◆ **Task prompt**:
Each entry should be written out again exactly, so that nothing is lost.

◆ **Data extract**:
# # #

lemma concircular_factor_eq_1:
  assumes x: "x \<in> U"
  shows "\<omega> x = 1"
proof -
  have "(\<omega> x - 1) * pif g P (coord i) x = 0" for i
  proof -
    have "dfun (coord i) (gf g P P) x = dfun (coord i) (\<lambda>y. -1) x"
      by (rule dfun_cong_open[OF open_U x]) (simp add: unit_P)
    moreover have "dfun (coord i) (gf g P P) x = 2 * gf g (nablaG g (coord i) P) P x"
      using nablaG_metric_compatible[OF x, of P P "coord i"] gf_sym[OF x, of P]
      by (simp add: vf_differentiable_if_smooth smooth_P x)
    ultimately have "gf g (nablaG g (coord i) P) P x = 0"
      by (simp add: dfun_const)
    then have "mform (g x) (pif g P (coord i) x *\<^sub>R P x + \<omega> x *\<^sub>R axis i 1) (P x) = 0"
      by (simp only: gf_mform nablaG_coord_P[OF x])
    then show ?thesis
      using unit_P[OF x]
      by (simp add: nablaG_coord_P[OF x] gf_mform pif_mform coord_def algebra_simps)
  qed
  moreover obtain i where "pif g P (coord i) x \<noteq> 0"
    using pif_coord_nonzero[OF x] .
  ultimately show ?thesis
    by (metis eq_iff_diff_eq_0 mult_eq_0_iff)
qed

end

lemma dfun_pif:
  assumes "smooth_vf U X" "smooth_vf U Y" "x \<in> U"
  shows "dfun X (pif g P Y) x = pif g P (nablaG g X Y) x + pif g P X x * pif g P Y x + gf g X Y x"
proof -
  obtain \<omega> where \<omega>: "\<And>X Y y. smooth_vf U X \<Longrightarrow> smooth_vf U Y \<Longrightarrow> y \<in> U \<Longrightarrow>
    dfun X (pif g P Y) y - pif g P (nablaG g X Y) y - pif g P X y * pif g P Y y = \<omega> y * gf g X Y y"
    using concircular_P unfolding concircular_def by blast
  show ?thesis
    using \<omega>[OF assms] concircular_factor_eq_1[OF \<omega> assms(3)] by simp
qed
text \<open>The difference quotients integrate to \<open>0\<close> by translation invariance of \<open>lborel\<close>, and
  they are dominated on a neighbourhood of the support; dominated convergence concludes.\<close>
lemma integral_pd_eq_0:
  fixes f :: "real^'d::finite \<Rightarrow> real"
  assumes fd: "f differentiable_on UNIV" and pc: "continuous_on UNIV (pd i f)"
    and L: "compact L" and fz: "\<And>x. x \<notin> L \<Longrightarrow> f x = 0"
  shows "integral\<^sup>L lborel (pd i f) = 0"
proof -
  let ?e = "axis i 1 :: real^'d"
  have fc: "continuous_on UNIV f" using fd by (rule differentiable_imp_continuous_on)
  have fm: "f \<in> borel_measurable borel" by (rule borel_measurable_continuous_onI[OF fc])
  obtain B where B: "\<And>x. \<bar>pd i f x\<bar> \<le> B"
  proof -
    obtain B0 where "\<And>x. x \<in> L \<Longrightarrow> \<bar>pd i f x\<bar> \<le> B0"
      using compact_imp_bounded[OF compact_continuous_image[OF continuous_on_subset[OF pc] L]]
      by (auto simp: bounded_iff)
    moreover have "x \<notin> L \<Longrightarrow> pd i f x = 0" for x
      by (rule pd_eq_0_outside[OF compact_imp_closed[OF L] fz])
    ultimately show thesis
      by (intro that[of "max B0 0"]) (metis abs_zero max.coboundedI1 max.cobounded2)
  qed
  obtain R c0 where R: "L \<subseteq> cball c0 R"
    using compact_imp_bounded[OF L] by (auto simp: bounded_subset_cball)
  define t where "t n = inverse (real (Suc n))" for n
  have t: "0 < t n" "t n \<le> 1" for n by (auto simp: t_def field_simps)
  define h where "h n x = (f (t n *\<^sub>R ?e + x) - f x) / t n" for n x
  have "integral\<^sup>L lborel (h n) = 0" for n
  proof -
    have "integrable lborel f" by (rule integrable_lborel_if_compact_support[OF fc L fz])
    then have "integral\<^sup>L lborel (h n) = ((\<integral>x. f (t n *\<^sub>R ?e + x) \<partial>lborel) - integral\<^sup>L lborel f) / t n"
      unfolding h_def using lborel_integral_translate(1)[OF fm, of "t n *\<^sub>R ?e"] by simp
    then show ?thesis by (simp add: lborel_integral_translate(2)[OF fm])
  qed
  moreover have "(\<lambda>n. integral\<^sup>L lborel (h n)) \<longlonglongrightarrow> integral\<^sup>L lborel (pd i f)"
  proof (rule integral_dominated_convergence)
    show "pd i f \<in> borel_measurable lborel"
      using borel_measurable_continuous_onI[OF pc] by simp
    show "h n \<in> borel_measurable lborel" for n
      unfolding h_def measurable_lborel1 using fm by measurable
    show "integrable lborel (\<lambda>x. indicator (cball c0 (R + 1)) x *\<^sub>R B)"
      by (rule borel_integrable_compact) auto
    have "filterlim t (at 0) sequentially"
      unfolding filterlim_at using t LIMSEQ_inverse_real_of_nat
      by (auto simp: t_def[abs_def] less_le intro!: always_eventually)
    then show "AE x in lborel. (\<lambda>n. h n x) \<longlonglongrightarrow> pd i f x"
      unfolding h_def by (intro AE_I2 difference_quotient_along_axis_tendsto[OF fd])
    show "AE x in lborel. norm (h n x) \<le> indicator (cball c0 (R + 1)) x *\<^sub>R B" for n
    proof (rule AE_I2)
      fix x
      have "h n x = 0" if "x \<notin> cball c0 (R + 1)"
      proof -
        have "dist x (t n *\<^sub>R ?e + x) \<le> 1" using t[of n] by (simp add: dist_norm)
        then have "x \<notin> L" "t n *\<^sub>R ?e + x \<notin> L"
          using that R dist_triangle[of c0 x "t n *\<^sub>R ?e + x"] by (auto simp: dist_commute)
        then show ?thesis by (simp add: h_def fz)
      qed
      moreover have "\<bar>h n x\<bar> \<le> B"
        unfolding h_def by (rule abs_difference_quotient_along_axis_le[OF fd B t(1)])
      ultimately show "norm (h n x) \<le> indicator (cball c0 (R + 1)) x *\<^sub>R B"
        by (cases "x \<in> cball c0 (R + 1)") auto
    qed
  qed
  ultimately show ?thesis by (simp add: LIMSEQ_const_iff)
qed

# # #

◆ **Task response**:
lemma concircular_factor_eq_1:
  assumes x: "x \<in> U"
  shows "\<omega> x = 1"
proof -
  have "(\<omega> x - 1) * pif g P (coord i) x = 0" for i
  proof -
    have "dfun (coord i) (gf g P P) x = dfun (coord i) (\<lambda>y. -1) x"
      by (rule dfun_cong_open[OF open_U x]) (simp add: unit_P)
    moreover have "dfun (coord i) (gf g P P) x = 2 * gf g (nablaG g (coord i) P) P x"
      using nablaG_metric_compatible[OF x, of P P "coord i"] gf_sym[OF x, of P]
      by (simp add: vf_differentiable_if_smooth smooth_P x)
    ultimately have "gf g (nablaG g (coord i) P) P x = 0"
      by (simp add: dfun_const)
    then have "mform (g x) (pif g P (coord i) x *\<^sub>R P x + \<omega> x *\<^sub>R axis i 1) (P x) = 0"
      by (simp only: gf_mform nablaG_coord_P[OF x])
    then show ?thesis
      using unit_P[OF x]
      by (simp add: nablaG_coord_P[OF x] gf_mform pif_mform coord_def algebra_simps)
  qed
  moreover obtain i where "pif g P (coord i) x \<noteq> 0"
    using pif_coord_nonzero[OF x] .
  ultimately show ?thesis
    by (metis eq_iff_diff_eq_0 mult_eq_0_iff)
qed

end

lemma dfun_pif:
  assumes "smooth_vf U X" "smooth_vf U Y" "x \<in> U"
  shows "dfun X (pif g P Y) x = pif g P (nablaG g X Y) x + pif g P X x * pif g P Y x + gf g X Y x"
proof -
  obtain \<omega> where \<omega>: "\<And>X Y y. smooth_vf U X \<Longrightarrow> smooth_vf U Y \<Longrightarrow> y \<in> U \<Longrightarrow>
    dfun X (pif g P Y) y - pif g P (nablaG g X Y) y - pif g P X y * pif g P Y y = \<omega> y * gf g X Y y"
    using concircular_P unfolding concircular_def by blast
  show ?thesis
    using \<omega>[OF assms] concircular_factor_eq_1[OF \<omega> assms(3)] by simp
qed
text \<open>The difference quotients integrate to \<open>0\<close> by translation invariance of \<open>lborel\<close>, and
  they are dominated on a neighbourhood of the support; dominated convergence concludes.\<close>
lemma integral_pd_eq_0:
  fixes f :: "real^'d::finite \<Rightarrow> real"
  assumes fd: "f differentiable_on UNIV" and pc: "continuous_on UNIV (pd i f)"
    and L: "compact L" and fz: "\<And>x. x \<notin> L \<Longrightarrow> f x = 0"
  shows "integral\<^sup>L lborel (pd i f) = 0"
proof -
  let ?e = "axis i 1 :: real^'d"
  have fc: "continuous_on UNIV f" using fd by (rule differentiable_imp_continuous_on)
  have fm: "f \<in> borel_measurable borel" by (rule borel_measurable_continuous_onI[OF fc])
  obtain B where B: "\<And>x. \<bar>pd i f x\<bar> \<le> B"
  proof -
    obtain B0 where "\<And>x. x \<in> L \<Longrightarrow> \<bar>pd i f x\<bar> \<le> B0"
      using compact_imp_bounded[OF compact_continuous_image[OF continuous_on_subset[OF pc] L]]
      by (auto simp: bounded_iff)
    moreover have "x \<notin> L \<Longrightarrow> pd i f x = 0" for x
      by (rule pd_eq_0_outside[OF compact_imp_closed[OF L] fz])
    ultimately show thesis
      by (intro that[of "max B0 0"]) (metis abs_zero max.coboundedI1 max.cobounded2)
  qed
  obtain R c0 where R: "L \<subseteq> cball c0 R"
    using compact_imp_bounded[OF L] by (auto simp: bounded_subset_cball)
  define t where "t n = inverse (real (Suc n))" for n
  have t: "0 < t n" "t n \<le> 1" for n by (auto simp: t_def field_simps)
  define h where "h n x = (f (t n *\<^sub>R ?e + x) - f x) / t n" for n x
  have "integral\<^sup>L lborel (h n) = 0" for n
  proof -
    have "integrable lborel f" by (rule integrable_lborel_if_compact_support[OF fc L fz])
    then have "integral\<^sup>L lborel (h n) = ((\<integral>x. f (t n *\<^sub>R ?e + x) \<partial>lborel) - integral\<^sup>L lborel f) / t n"
      unfolding h_def using lborel_integral_translate(1)[OF fm, of "t n *\<^sub>R ?e"] by simp
    then show ?thesis by (simp add: lborel_integral_translate(2)[OF fm])
  qed
  moreover have "(\<lambda>n. integral\<^sup>L lborel (h n)) \<longlonglongrightarrow> integral\<^sup>L lborel (pd i f)"
  proof (rule integral_dominated_convergence)
    show "pd i f \<in> borel_measurable lborel"
      using borel_measurable_continuous_onI[OF pc] by simp
    show "h n \<in> borel_measurable lborel" for n
      unfolding h_def measurable_lborel1 using fm by measurable
    show "integrable lborel (\<lambda>x. indicator (cball c0 (R + 1)) x *\<^sub>R B)"
      by (rule borel_integrable_compact) auto
    have "filterlim t (at 0) sequentially"
      unfolding filterlim_at using t LIMSEQ_inverse_real_of_nat
      by (auto simp: t_def[abs_def] less_le intro!: always_eventually)
    then show "AE x in lborel. (\<lambda>n. h n x) \<longlonglongrightarrow> pd i f x"
      unfolding h_def by (intro AE_I2 difference_quotient_along_axis_tendsto[OF fd])
    show "AE x in lborel. norm (h n x) \<le> indicator (cball c0 (R + 1)) x *\<^sub>R B" for n
    proof (rule AE_I2)
      fix x
      have "h n x = 0" if "x \<notin> cball c0 (R + 1)"
      proof -
        have "dist x (t n *\<^sub>R ?e + x) \<le> 1" using t[of n] by (simp add: dist_norm)
        then have "x \<notin> L" "t n *\<^sub>R ?e + x \<notin> L"
          using that R dist_triangle[of c0 x "t n *\<^sub>R ?e + x"] by (auto simp: dist_commute)
        then show ?thesis by (simp add: h_def fz)
      qed
      moreover have "\<bar>h n x\<bar> \<le> B"
        unfolding h_def by (rule abs_difference_quotient_along_axis_le[OF fd B t(1)])
      ultimately show "norm (h n x) \<le> indicator (cball c0 (R + 1)) x *\<^sub>R B"
        by (cases "x \<in> cball c0 (R + 1)") auto
    qed
  qed
  ultimately show ?thesis by (simp add: LIMSEQ_const_iff)
qed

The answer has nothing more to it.